By CIDD graduate student Emily Almberg

Each year, Yellowstone National Park attracts millions of visitors, many of which come with the goal of watching and photographing the park’s abundant wildlife, particularly wolves. Wolves were successfully reintroduced into Yellowstone in 1995 and 1996, and ever since, the Yellowstone Wolf Project has been collecting one of the most extensive and long-term datasets of any mammal in the world. Despite the considerable effort expended by the Project’s crews to collect these data, we have the potential to dramatically improve and expand a number of their datasets by tapping into the large pool of photographic data collected by wildlife watchers, professional photographers, and visitors to Yellowstone. We are proposing to create a citizen science website that would act as a central hub for collecting and displaying visitor photos and accompanying data on wolves in Yellowstone. 
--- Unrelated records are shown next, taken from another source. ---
lemma thstar_in_update_set: "thstar \<in> polyset MT (mu k) \<Longrightarrow> thstar \<in> update_set k"
  using disturbance_in unfolding update_set_def unfalsified_def by auto

lemma mu_Suc_attained:
  assumes "thstar \<in> polyset MT (mu k)"
  obtains x where "x \<in> update_set k" "mu (Suc k) $ i = MT $ i \<bullet> x"
    and "\<And>x'. x' \<in> update_set k \<Longrightarrow> MT $ i \<bullet> x' \<le> MT $ i \<bullet> x"
proof -
  obtain x where x: "x \<in> update_set k" "\<forall>x'\<in>update_set k. MT $ i \<bullet> x' \<le> MT $ i \<bullet> x"
    using continuous_attains_sup[OF compact_update_set, of k "\<lambda>x. MT $ i \<bullet> x"]
      thstar_in_update_set[OF assms] continuous_on_inner[OF continuous_on_const continuous_on_id]
    by blast
  then have "Sup ((\<lambda>x. MT $ i \<bullet> x) ` update_set k) = MT $ i \<bullet> x"
    by (intro cSup_eq_maximum) auto
  then have "mu (Suc k) $ i = MT $ i \<bullet> x"
    by (simp add: update_set_def)
  with x that show ?thesis by blast
qed

lemma thstar_in_mu: "thstar \<in> polyset MT (mu k)"
proof (induction k)
  case 0
  then show ?case using thstar_in_init by simp
next
  case (Suc k)
  have "MT $ i \<bullet> thstar \<le> mu (Suc k) $ i" for i
    by (rule mu_Suc_attained[OF Suc, of i]) (use thstar_in_update_set[OF Suc] in auto)
  then show ?case
    unfolding polyset_def by blast
qed

lemma mu_Suc_le: "mu (Suc k) $ i \<le> mu k $ i"
proof -
  obtain x where "x \<in> update_set k" "mu (Suc k) $ i = MT $ i \<bullet> x"
    using mu_Suc_attained[OF thstar_in_mu] .
  then show ?thesis
    unfolding update_set_def polyset_def by auto
qed

lemma polyset_mu_antimono: "k \<le> n \<Longrightarrow> polyset MT (mu n) \<subseteq> polyset MT (mu k)"
proof -
  have "polyset MT (mu (Suc n)) \<subseteq> polyset MT (mu n)" for n
    unfolding polyset_def using mu_Suc_le order_trans by blast
  then show "k \<le> n \<Longrightarrow> ?thesis"
    by (rule lift_Suc_antimono_le)
qed

lemma Theta_set_excludes_near_block:
  assumes gram: "(\<Sum>j\<in>{k*Nu..<k*Nu + Nu}. transpose (D j) ** D j) *v y k = - MT $ i"
    and "MT $ i \<noteq> 0"
    and small: "\<And>j. norm (D j *v y (j div Nu)) \<le> c"
    and maximizer: "\<And>j u. u \<in> polyset Piw piw \<Longrightarrow>
                       (D j *v y (j div Nu)) \<bullet> u \<le> (D j *v y (j div Nu)) \<bullet> w0 j"
    and far: "real Nu * c * e \<le> MT $ i \<bullet> (th - thstar)"
    and th: "th \<in> Theta_set MT mu0 Nu D w thstar Piw piw t om" and "k < t div Nu"
  shows "\<exists>j\<in>{k*Nu..<k*Nu + Nu}. D j *v y k \<noteq> 0 \<and> e \<le> norm (w j om - w0 j)"
proof (rule ccontr)
  assume "\<not> ?thesis"
  then have near: "norm (w j om - w0 j) < e"
    if "j \<in> {k*Nu..<k*Nu + Nu}" "D j *v y k \<noteq> 0" for j
    using that by force
  have div_eq: "j div Nu = k" if "j \<in> {k*Nu..<k*Nu + Nu}" for j
    using that by (simp add: div_nat_eqI algebra_simps)
  have "th \<in> polyset MT (mu (Suc k))"
    using th polyset_mu_antimono \<open>k < t div Nu\<close> unfolding Theta_set_def by (meson Suc_leI subsetD)
  then have th_le: "MT $ i \<bullet> th \<le> mu (Suc k) $ i"
    unfolding polyset_def by blast
  obtain x where x: "x \<in> update_set k" "mu (Suc k) $ i = MT $ i \<bullet> x"
    using mu_Suc_attained[OF thstar_in_mu] .
  have "MT $ i \<bullet> (x - thstar) < real (card {k*Nu..<k*Nu + Nu}) * c * e"
  proof (rule inner_lt_of_near_maximizers[OF _ gram \<open>MT $ i \<noteq> 0\<close> _ _ _ near])
    fix j assume j: "j \<in> {k*Nu..<k*Nu + Nu}"
    show "norm (D j *v y k) \<le> c" "\<And>u. u \<in> polyset Piw piw \<Longrightarrow> (D j *v y k) \<bullet> u \<le> (D j *v y k) \<bullet> w0 j"
      using small[of j] maximizer[of _ j] div_eq[OF j] by simp_all
    have "Suc j \<in> {k * Nu + 1 .. Suc k * Nu}"
      using j by auto
    then have "x \<in> unfalsified D w thstar Piw piw (Suc j) om"
      using x(1) unfolding update_set_def by blast
    then show "D j *v (thstar - x) + w j om \<in> polyset Piw piw"
      by (simp add: unfalsified_def)
  qed auto
  with x(2) th_le far show False
    by (simp add: inner_diff_right)
qed

end
theorem theorem1:
  fixes \<gamma> T :: real
    and W :: "(real \<times> real \<times> real) set"
    and u1 \<omega>1 \<psi>1 :: "real \<Rightarrow> real \<Rightarrow> real \<Rightarrow> real"
    and U \<Omega> \<Psi> :: "real \<Rightarrow> real \<Rightarrow> real"
  assumes gamma_pos: "0 < \<gamma>"
    and T_pos: "0 < T"
    and region:
      "(\<exists>\<delta>. 0 < \<delta> \<and> \<delta> < 1 \<and> W = cyl_region \<delta> T) \<or>
       (\<exists>T0 \<delta>. T0 < T \<and> (\<forall>t. T0 < t \<and> t < T \<longrightarrow> 0 < \<delta> t) \<and>
          (\<forall>s t. T0 < s \<and> s \<le> t \<and> t < T \<longrightarrow> \<delta> t \<le> \<delta> s) \<and>
          (\<delta> \<longlongrightarrow> 0) (at_left T) \<and>
          Limsup (at_left T) (\<lambda>t. ereal ((T - t) powr (- \<gamma>) * \<delta> t)) = \<infinity> \<and>
          W = moving_region T0 \<delta> T)"
    and U_cont: "continuous_on half_plane (\<lambda>(R, Z). U R Z)"
    and Omega_cont: "continuous_on half_plane (\<lambda>(R, Z). \<Omega> R Z)"
    and Psi_cont: "continuous_on half_plane (\<lambda>(R, Z). \<Psi> R Z)"
    and U_smooth: "smooth2_on {(R, Z). R < 0} U"
    and Omega_smooth: "smooth2_on {(R, Z). R < 0} \<Omega>"
    and Psi_smooth: "smooth2_on {(R, Z). R < 0} \<Psi>"
    and self_similar:
      "\<And>r z t. (r, z, t) \<in> W \<Longrightarrow>
         u1 r z t = (T - t) powr (-1 + \<gamma> / 2) * U ((r - 1) * (T - t) powr (- \<gamma>)) (z * (T - t) powr (- \<gamma>)) \<and>
         \<omega>1 r z t = (T - t) powr (-1) * \<Omega> ((r - 1) * (T - t) powr (- \<gamma>)) (z * (T - t) powr (- \<gamma>)) \<and>
         \<psi>1 r z t = (T - t) powr (-1 + 2 * \<gamma>) * \<Psi> ((r - 1) * (T - t) powr (- \<gamma>)) (z * (T - t) powr (- \<gamma>))"
    and eq_u:
      "\<And>r z t. (r, z, t) \<in> W \<Longrightarrow>
         Dt u1 r z t + (- r * Dz \<psi>1 r z t) * Dr u1 r z t
           + (2 * \<psi>1 r z t + r * Dr \<psi>1 r z t) * Dz u1 r z t
         = 2 * u1 r z t * Dz \<psi>1 r z t"
    and eq_omega:
      "\<And>r z t. (r, z, t) \<in> W \<Longrightarrow>
         Dt \<omega>1 r z t + (- r * Dz \<psi>1 r z t) * Dr \<omega>1 r z t
           + (2 * \<psi>1 r z t + r * Dr \<psi>1 r z t) * Dz \<omega>1 r z t
         = Dz (\<lambda>r z t. (u1 r z t)\<^sup>2) r z t"
    and eq_psi:
      "\<And>r z t. (r, z, t) \<in> W \<Longrightarrow>
         - (Dr (Dr \<psi>1) r z t + 3 / r * Dr \<psi>1 r z t + Dz (Dz \<psi>1) r z t) = \<omega>1 r z t"
    and decay:
      "\<And>R. R \<le> 0 \<Longrightarrow> ((\<lambda>Z. \<bar>U R Z\<bar> + \<bar>\<Omega> R Z\<bar>) \<longlongrightarrow> 0) at_infinity"
  shows "(\<forall>(r, z, t) \<in> W. u1 r z t = 0 \<and> \<omega>1 r z t = 0) \<and>
         (\<exists>a b. (\<forall>(r, z, t) \<in> W.
                    \<psi>1 r z t = a * (T - t) powr (-1 + \<gamma>) * z + b * (T - t) powr (-1 + 2 * \<gamma>)) \<and>
                (\<forall>(R, Z) \<in> half_plane. \<Psi> R Z = a * Z + b))"
proof -
  interpret self_similar_solution \<gamma> T W u1 \<omega>1 \<psi>1 U \<Omega> \<Psi>
  proof
    show "blowup_region \<gamma> T W" using region unfolding blowup_region_def .
    show "u1 r z t = selfsim \<gamma> T (-1 + \<gamma> / 2) U r z t"
      and "\<omega>1 r z t = selfsim \<gamma> T (-1) \<Omega> r z t"
      and "\<psi>1 r z t = selfsim \<gamma> T (-1 + 2 * \<gamma>) \<Psi> r z t" if "(r, z, t) \<in> W" for r z t
      using self_similar[OF that] by (simp_all add: selfsim_def)
  qed (fact gamma_pos Psi_cont U_smooth Omega_smooth Psi_smooth eq_omega eq_psi decay)+
  obtain a b where
    "\<forall>(r, z, t)\<in>W. u1 r z t = 0 \<and> \<omega>1 r z t = 0 \<and>
       \<psi>1 r z t = a * (T - t) powr (-1 + \<gamma>) * z + b * (T - t) powr (-1 + 2 * \<gamma>)"
    "\<forall>(R, Z)\<in>half_plane. \<Psi> R Z = a * Z + b"
    by (rule self_similar_solution_trivial)
  then show ?thesis by blast
qed

end
lemma smooth2_has_vector_derivative_x:
  "smooth2 U f \<Longrightarrow> (x, t) \<in> U \<Longrightarrow> ((\<lambda>y. f y t) has_vector_derivative pDx f x t) (at x)"
  unfolding pDx_def by (auto simp: vector_derivative_works[symmetric] regular_on_def dest: smooth2_regular_on)

lemma smooth2_has_vector_derivative_t:
  "smooth2 U f \<Longrightarrow> (x, t) \<in> U \<Longrightarrow> ((\<lambda>s. f x s) has_vector_derivative pDt f x t) (at t)"
  unfolding pDt_def by (auto simp: vector_derivative_works[symmetric] regular_on_def dest: smooth2_regular_on)

text \<open>By the product rule, each partial derivative of an element of this algebra agrees on U
  with another element; hence all its elements are smooth.\<close>

inductive smooth_algebra :: "(real \<times> real) set \<Rightarrow> (real \<Rightarrow> real \<Rightarrow> real) \<Rightarrow> bool" for U
where
  base: "smooth2 U f \<Longrightarrow> smooth_algebra U f"
| add: "smooth_algebra U f \<Longrightarrow> smooth_algebra U g \<Longrightarrow> smooth_algebra U (\<lambda>x t. f x t + g x t)"
| mult: "smooth_algebra U f \<Longrightarrow> smooth_algebra U g \<Longrightarrow> smooth_algebra U (\<lambda>x t. f x t * g x t)"
| uminus: "smooth_algebra U f \<Longrightarrow> smooth_algebra U (\<lambda>x t. - f x t)"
Our proposed site would allow the public to upload their photographs of wolves and describe when and where they saw the animals as well as their suspected identity and pack affiliation. We would then cross-check these photos for quality and validity and extract the data necessary to answer questions about pack composition, individual histories, and individuals’ infection status with sarcoptic mange, a mite infection that causes hair-loss and increased mortality. The site would in turn act as an educational tool for the wolf-watching community and general public, displaying photographic histories of individual wolves, maps of territory ranges, information on pack compositions and genealogy, as well as highlighting some of the Wolf Project’s most recent research.